Тамара Сверчкова - Скальпель и автомат
— Есть большой дом, но там нельзя ночевать!
— Как нельзя? Крыша, стены, дверь есть?
— Есть! И стекла в окнах есть, но кого бы туда ни посылали, через три часа возвращаются, не поймешь что. Уходят в дальнюю деревню.
— Где же этот дом? Мы пойдем туда. С ног валимся, озябли.
— Попробуйте! Оружие есть? Вот через это поле, через ложбинку. На той стороне стоит один дом. Дороги нет, пойдете по полю.
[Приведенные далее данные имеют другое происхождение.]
text \<open>
  Take \<open>f\<^sub>i(x) = \<lambda>x\<^sup>2/2 + (-1)\<^sup>i G x / 2\<close>: for even \<open>n\<close> the linear terms cancel, so
  \<open>F(x) = \<lambda>x\<^sup>2/2\<close>, and one epoch maps \<open>x\<close> to
  \<open>q\<^sup>n x - \<eta> G/2 \<Sum>\<^sub>j q\<^bsup>n-j\<^esup> (-1)\<^bsup>\<sigma> j\<^esup>\<close> with \<open>q = 1 - \<eta>\<lambda>\<close>. The noise term has mean zero, and by
  the variance formula for sampling without replacement its second moment is
  \<open>(\<eta>G/2)\<^sup>2 n/(n-1)\<close> times the sum of squared deviations of the weights \<open>q\<^bsup>n-j\<^esup>\<close>; hence
  \<open>E x\<^sub>k\<^sup>2 = r\<^sup>k + (noise) \<Sum>\<^sub>t\<^sub><\<^sub>k r\<^sup>t\<close> with \<open>r = q\<^bsup>2n\<^esup>\<close>. Cauchy-Schwarz against two centred test
  vectors bounds the deviation sum from below. Finally, either the step is large, or the
  horizon is too short for the contraction \<open>r\<^sup>k\<close> to act, or the noise accumulated over
  \<open>k\<close> epochs is of order \<open>G\<^sup>2/(\<lambda>\<^sup>2 n k\<^sup>3)\<close>.
\<close>

section \<open>Sums over permutations\<close>

lemma sum_permutes_apply_eq:
  assumes "i \<in> S" "j \<in> S"
  shows "(\<Sum>\<sigma> | \<sigma> permutes S. h (\<sigma> i)) = (\<Sum>\<sigma> | \<sigma> permutes S. h (\<sigma> j))"
proof -
  have "Transposition.transpose i j permutes S"
    using assms by (rule permutes_swap_id)
  from sum_permutations_compose_right[OF this, of "\<lambda>\<sigma>. h (\<sigma> i)"] show ?thesis
    by simp
qed

lemma sum_permutes_apply2_eq:
  assumes "i \<in> S" "i' \<in> S" "i \<noteq> i'" "j \<in> S" "j' \<in> S" "j \<noteq> j'"
  shows "(\<Sum>\<sigma> | \<sigma> permutes S. h (\<sigma> i) (\<sigma> i')) = (\<Sum>\<sigma> | \<sigma> permutes S. h (\<sigma> j) (\<sigma> j'))"
proof -
  define z where "z = Transposition.transpose j i i'"
  define \<tau> where "\<tau> = Transposition.transpose j' z \<circ> Transposition.transpose j i"
  have z: "z \<in> S" "z \<noteq> j"
    using assms by (auto simp: z_def Transposition.transpose_def)
  have "\<tau> permutes S"
    unfolding \<tau>_def using assms z by (intro permutes_compose permutes_swap_id) auto
  moreover have "\<tau> i = j" "\<tau> i' = j'"
    using assms z by (auto simp: \<tau>_def z_def Transposition.transpose_def)
  ultimately show ?thesis
    using sum_permutations_compose_right[of \<tau> S "\<lambda>\<sigma>. h (\<sigma> i) (\<sigma> i')"] by simp
qed

lemma sum_permutes_apply:
  assumes "finite S" "j \<in> S"
  shows "real (card S) * (\<Sum>\<sigma> | \<sigma> permutes S. h (\<sigma> j))
    = real (card {\<sigma>. \<sigma> permutes S}) * (\<Sum>i\<in>S. h i)"
proof -
  have "real (card S) * (\<Sum>\<sigma> | \<sigma> permutes S. h (\<sigma> j)) = (\<Sum>j'\<in>S. \<Sum>\<sigma> | \<sigma> permutes S. h (\<sigma> j'))"
    using sum_permutes_apply_eq[OF _ assms(2), of _ h] by simp
  also have "\<dots> = (\<Sum>\<sigma> | \<sigma> permutes S. \<Sum>j'\<in>S. h (\<sigma> j'))"
    by (rule sum.swap)
  also have "\<dots> = (\<Sum>\<sigma> | \<sigma> permutes S. \<Sum>i\<in>S. h i)"
    by (rule sum.cong[OF refl]) (use sum.permute[of _ S h] in \<open>simp add: comp_def\<close>)
  finally show ?thesis by simp
qed

lemma sum_permutes_weighted_sum:
  fixes c w :: "'a \<Rightarrow> real"
  assumes "finite S" "(\<Sum>i\<in>S. c i) = 0"
  shows "(\<Sum>\<sigma> | \<sigma> permutes S. \<Sum>j\<in>S. w j * c (\<sigma> j)) = 0"
proof -
  have "(\<Sum>\<sigma> | \<sigma> permutes S. c (\<sigma> j)) = 0" if "j \<in> S" for j
    using sum_permutes_apply[OF assms(1) that, of c] assms that by auto
  then show ?thesis
    by (subst sum.swap) (simp add: sum_distrib_left[symmetric])
qed

definition sum_sq_dev :: "'a set \<Rightarrow> ('a \<Rightarrow> real) \<Rightarrow> real" where
  "sum_sq_dev S w = (\<Sum>j\<in>S. (w j - (\<Sum>i\<in>S. w i) / card S)\<^sup>2)"

lemma sum_sq_dev_nonneg: "sum_sq_dev S w \<ge> 0"
  unfolding sum_sq_dev_def by (simp add: sum_nonneg)

lemma sum_sq_dev_eq:
  assumes "finite S"
  shows "sum_sq_dev S w = (\<Sum>j\<in>S. (w j)\<^sup>2) - (\<Sum>j\<in>S. w j)\<^sup>2 / card S"
proof (cases "S = {}")
  case False
  define m where "m = (\<Sum>i\<in>S. w i) / card S"
  have "card S > 0" using False assms by (simp add: card_gt_0_iff)
  moreover have "sum_sq_dev S w = (\<Sum>j\<in>S. (w j)\<^sup>2) - 2 * m * (\<Sum>j\<in>S. w j) + card S * m\<^sup>2"
    unfolding sum_sq_dev_def m_def[symmetric]
    by (simp add: power2_diff sum.distrib sum_subtractf sum_distrib_left[symmetric]
        sum_distrib_right[symmetric])
  ultimately show ?thesis
    by (simp add: m_def field_simps power2_eq_square)
qed (simp add: sum_sq_dev_def)

lemma centered_Cauchy_Schwarz:
  assumes "(\<Sum>j\<in>S. v j) = 0"
  shows "(\<Sum>j\<in>S. w j * v j)\<^sup>2 \<le> sum_sq_dev S w * (\<Sum>j\<in>S. (v j)\<^sup>2)"
proof -
  define m where "m = (\<Sum>i\<in>S. w i) / card S"
  have "(\<Sum>j\<in>S. w j * v j) = (\<Sum>j\<in>S. (w j - m) * v j)"
    using assms by (simp add: left_diff_distrib sum_subtractf sum_distrib_left[symmetric])
  then show ?thesis
    using Cauchy_Schwarz_ineq_sum[of "\<lambda>j. w j - m" v S] by (simp add: sum_sq_dev_def m_def)
qed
Машины остались на краю деревни. Кто устроился в кабинах, кто под брезентом. А мы направились по вязкой пашне, еле передвигая ноги, скользя и подшучивая, мечтая о крыше над головой. Спускаемся в ложбину. Смотрим, на той стороне дом большой черный. Добрались до входа. Дверь отперта. В первой комнате полы разобраны. Санитары разошлись по комнатам; темно, тихо, никого нет. Закрыли дверь шестом, и все расположились во второй комнате. Мы с сестрой Валей пригрелись под сырой шинелью. Слышу тихую мелодию: как бы засыпаю, только беспокойство какое-то, а мелодия все громче и громче. Санитар спрашивает из темноты: «Лейтенант! Вы музыку слышите?» «И вы слышите? Откуда она?» «Не знаю!» Кто-то сказал из темноты: «Что-то тут нечисто! Душа болит, никогда так не было!» Все встали, прошлись по всему дому — никого. Ничего нет, только паутина цепляется в потемках и музыка не слышна. Опять все легли. И опять я слышу музыку, все громче и громче, все ярче и ярче незнакомая мелодия, никак не заснешь. Вздыхают, ворочаются, поругиваются. Что-то тревожное, жестокое, как будто воспоминание чего-то неизведанного, но такого близкого напоминает и терзает мозг. Валя сидит, не ложится. Спать все равно не можем. «Пошли к машинам?» «Может, кто-то спит?» «Да нет! Все не можем заснуть, такая тоска, что жизнь не мила. Да и в голову вся дрянь лезет: когда-то кошку убил, давно забыл, а сейчас тоска замучила…» Вышли на улицу. Темный дом просторный, стекла поблескивают. Кругом пашня, только у дома жухлая трава. Ночь сырая. Идем молча. Чем дальше от дома, тем легче на душе. Вот, споткнувшись и проехав по грязи, санитар пошутил и ему ответили шуткой. Небо чуть посветлело и стало теплее. Впереди силуэты машин. Нас встретил хриплый голос разводящего: «Что, обратно? Прибыли все? Говорил, что там чертовщина есть? Правильно?» «А давно это у вас?» «Как отбили деревню, третий день. А в хорошую ночь вроде огонек бродит по дому. Из нашего взвода посылали ребят — никого нет, тишина. А сели отдохнуть, задремали и вроде музыка начала играть, тоскливо стало. Все обшарили: никого, ничего. Ни пули, ни мины не берут. Деревня вся побита, а дом стоит. Вроде и не дом, а школа или больница, только мебели нет».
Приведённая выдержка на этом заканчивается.